56-jähriger Mann wird auf A29 bei Oldenburg vom LKW erfasst und stirbt noch auf der Autobahn.

ots/POL
Zur Unfallzeit befuhr eine 49-jährige Frau aus Cloppenburg mit einem Pkw mit Anhänger die Autobahn 29 in Richtung Ahlhorn. Zwischen dem Kreuz Oldenburg-Ost und der Anschlussstelle Sandkrug sah sie im Rückspiegel, dass sich Sicherungsmaterialien am Anhänger gelöst hatten und hielt mit eingeschaltetem Warnblinklicht auf dem Seitenstreifen. Sie bat einen Mitfahrer, ihren 56-jährigen Ehemann, um die Behebung des Problems. Er stieg aus und wurde vom Sattelzug des 31-Jährigen erfasst. Der 31-jährige Fahrer des Sattelzugs, die 49-jährige Fahrerin des Pkws und eine ebenfalls im Pkw befindliche, 26-jährige Frau wurden mit Rettungswagen in Krankenhäuser gefahren. Sie blieben zwar unverletzt, mussten aber psychologisch betreut werden.

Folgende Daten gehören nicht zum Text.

(* Let $q_1,q_2\in[1,\infty]$ and $\alpha_1,\alpha_2\ge0$ satisfy $1=\frac1{q_1}+\frac1{q_2}$, and set $\alpha=\frac{\alpha_1}{q_1}+\frac{\alpha_2}{q_2}$ (with $1/\infty=0$). Then $$\|f_1f_2\|_{\mathfrak L^{1,\infty}(\log\mathfrak L)^\alpha}\le\|f_1\|_{\mathfrak L^{q_1,\infty}(\log\mathfrak L)^{\alpha_1}}\|f_2\|_{\mathfrak L^{q_2,\infty}(\log\mathfrak L)^{\alpha_2}}$$ for all $f_1\in\mathfrak L^{q_1,\infty}(\log\mathfrak L)^{\alpha_1}$, $f_2\in\mathfrak L^{q_2,\infty}(\log\mathfrak L)^{\alpha_2}$. Furthermore, $$|||\tilde f_1\tilde f_2|||_{1,\alpha;\rho}\le|||\tilde f_1|||_{q_1,\alpha_1;\rho}\,|||\tilde f_2|||_{q_2,\alpha_2;\rho}$$ for all $\tilde f_1\in\mathfrak L^{q_1,\infty}_{\rm ul}(\log\mathfrak L)^{\alpha_1}$, $\tilde f_2\in\mathfrak L^{q_2,\infty}_{\rm ul}(\log\mathfrak L)^{\alpha_2}$ and $\rho>0$.
   Context: For $q\in[1,\infty)$, $\alpha\ge0$ and $f\in L^1_{\rm loc}(\mathbb R^n)$, $\|f\|_{\mathfrak L^{q,\infty}(\log\mathfrak L)^\alpha}:=\sup_{s>0}\{[\log(e+1/s)]^\alpha\sup_{|E|=s}\int_E|f|^q\,dx\}^{1/q}$ (inner sup over measurable $E$ with $|E|=s$); for $q=\infty$ it is $\|f\|_{L^\infty}$. $\mathfrak L^{q,\infty}(\log\mathfrak L)^\alpha$ is the set of $f\in L^1_{\rm loc}$ with finite norm. For $\rho>0$, $|||f|||_{q,\alpha;\rho}:=\sup_{z\in\mathbb R^n}\|f\chi_{B(z,\rho)}\|_{\mathfrak L^{q,\infty}(\log\mathfrak L)^\alpha}$; $\mathfrak L^{q,\infty}_{\rm ul}(\log\mathfrak L)^\alpha$ is the set of $f\in L^1_{\rm loc}$ with $|||f|||_{q,\alpha;1}<\infty$. *)

theory Defs
  imports "HOL-Analysis.Analysis" "HOL-Probability.Essential_Supremum"
begin

text \<open>Exponents q in [1,\<infinity>] are represented as extended nonnegative reals;
  the reciprocal 1/q is taken in ennreal, so 1/\<infinity> = 0.\<close>
definition inv_exp :: "ennreal \<Rightarrow> real" where
  "inv_exp q = enn2real (1 / q)"

text \<open>Real power on [0,\<infinity>] with \<infinity>^p = \<infinity> (used only for p > 0).\<close>
definition epow :: "ennreal \<Rightarrow> real \<Rightarrow> ennreal" where
  "epow x p = (if x = \<infinity> then \<infinity> else ennreal (enn2real x powr p))"

definition loc_integrable :: "('a::euclidean_space \<Rightarrow> real) \<Rightarrow> bool" where
  "loc_integrable f \<longleftrightarrow> (\<forall>K. compact K \<longrightarrow> set_integrable lebesgue K f)"

definition LlogL_norm :: "ennreal \<Rightarrow> real \<Rightarrow> ('a::euclidean_space \<Rightarrow> real) \<Rightarrow> ennreal" where
  "LlogL_norm q \<alpha> f =
    (if q = \<infinity> then esssup lebesgue (\<lambda>x. ennreal \<bar>f x\<bar>)
     else epow
       (SUP s\<in>{0<..}. ennreal (ln (exp 1 + 1 / s) powr \<alpha>) *
          (SUP E\<in>{E \<in> sets lebesgue. emeasure lebesgue E = ennreal s}.
              (\<integral>\<^sup>+ x\<in>E. ennreal (\<bar>f x\<bar> powr enn2real q) \<partial>lebesgue)))
       (1 / enn2real q))"

definition LlogL_space :: "ennreal \<Rightarrow> real \<Rightarrow> ('a::euclidean_space \<Rightarrow> real) set" where
  "LlogL_space q \<alpha> = {f. loc_integrable f \<and> LlogL_norm q \<alpha> f < \<infinity>}"

definition ul_norm :: "ennreal \<Rightarrow> real \<Rightarrow> real \<Rightarrow> ('a::euclidean_space \<Rightarrow> real) \<Rightarrow> ennreal" where
  "ul_norm q \<alpha> \<rho> f = (SUP z. LlogL_norm q \<alpha> (\<lambda>x. indicator (ball z \<rho>) x * f x))"

definition ul_space :: "ennreal \<Rightarrow> real \<Rightarrow> ('a::euclidean_space \<Rightarrow> real) set" where
  "ul_space q \<alpha> = {f. loc_integrable f \<and> ul_norm q \<alpha> 1 f < \<infinity>}"

end

theory Submission
  imports Defs
begin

+++ Erstmeldung von Mittwoch, 12. Oktober 2022 +++

Tödliche Verletzungen hat ein bislang unbekannter Mann am Mittwoch, 12. Oktober 2022, gegen 17:25 Uhr, bei einem Verkehrsunfall auf der Autobahn 29 erlitten. Er war mit einem Pkw mit Anhänger auf der Autobahn 29 in Richtung Ahlhorn unterwegs. Zwischen dem Kreuz Oldenburg-Ost und der Anschlussstelle Sandkrug hielt er mit seinem Gespann auf dem Seitenstreifen und stieg aus. Der Grund für das Anhalten ist bislang unklar. Als er sich außerhalb seines Pkws auf dem schmalen Seitenstreifen befand, wurde er von einem passierenden Sattelzug erfasst, der von einem 31-Jährigen aus dem Kreis Leer gefahren wurde. Durch den Zusammenstoß erlitt der Mann schwerste Verletzungen. Zur Unfallstelle wurden zwei Fahrzeuge und sechs Einsatzkräfte der Berufsfeuerwehr Oldenburg entsandt. Zudem fuhren drei Rettungswagen und ein Notarzteinsatzfahrzeug die Unfallstelle an. Der Notarzt konnte aber nur noch den Tod des Mannes feststellen. Der Fahrer des Sattelzuges wurde mit einem Rettungswagen in ein Krankenhaus gefahren. Die Autobahn 29 musste in Richtung Ahlhorn nach dem Unfall durch die Polizei gesperrt werden. Die Sperrung wurde im weiteren Verlauf durch Mitarbeitende der Autobahnmeisterei Oldenburg übernommen und ausgebaut. Da die Unfallstelle zurzeit noch aufwendig vermessen wird, kann mit einer Aufhebung der Sperrung frühestens gegen 22:00 Uhr gerechnet werden.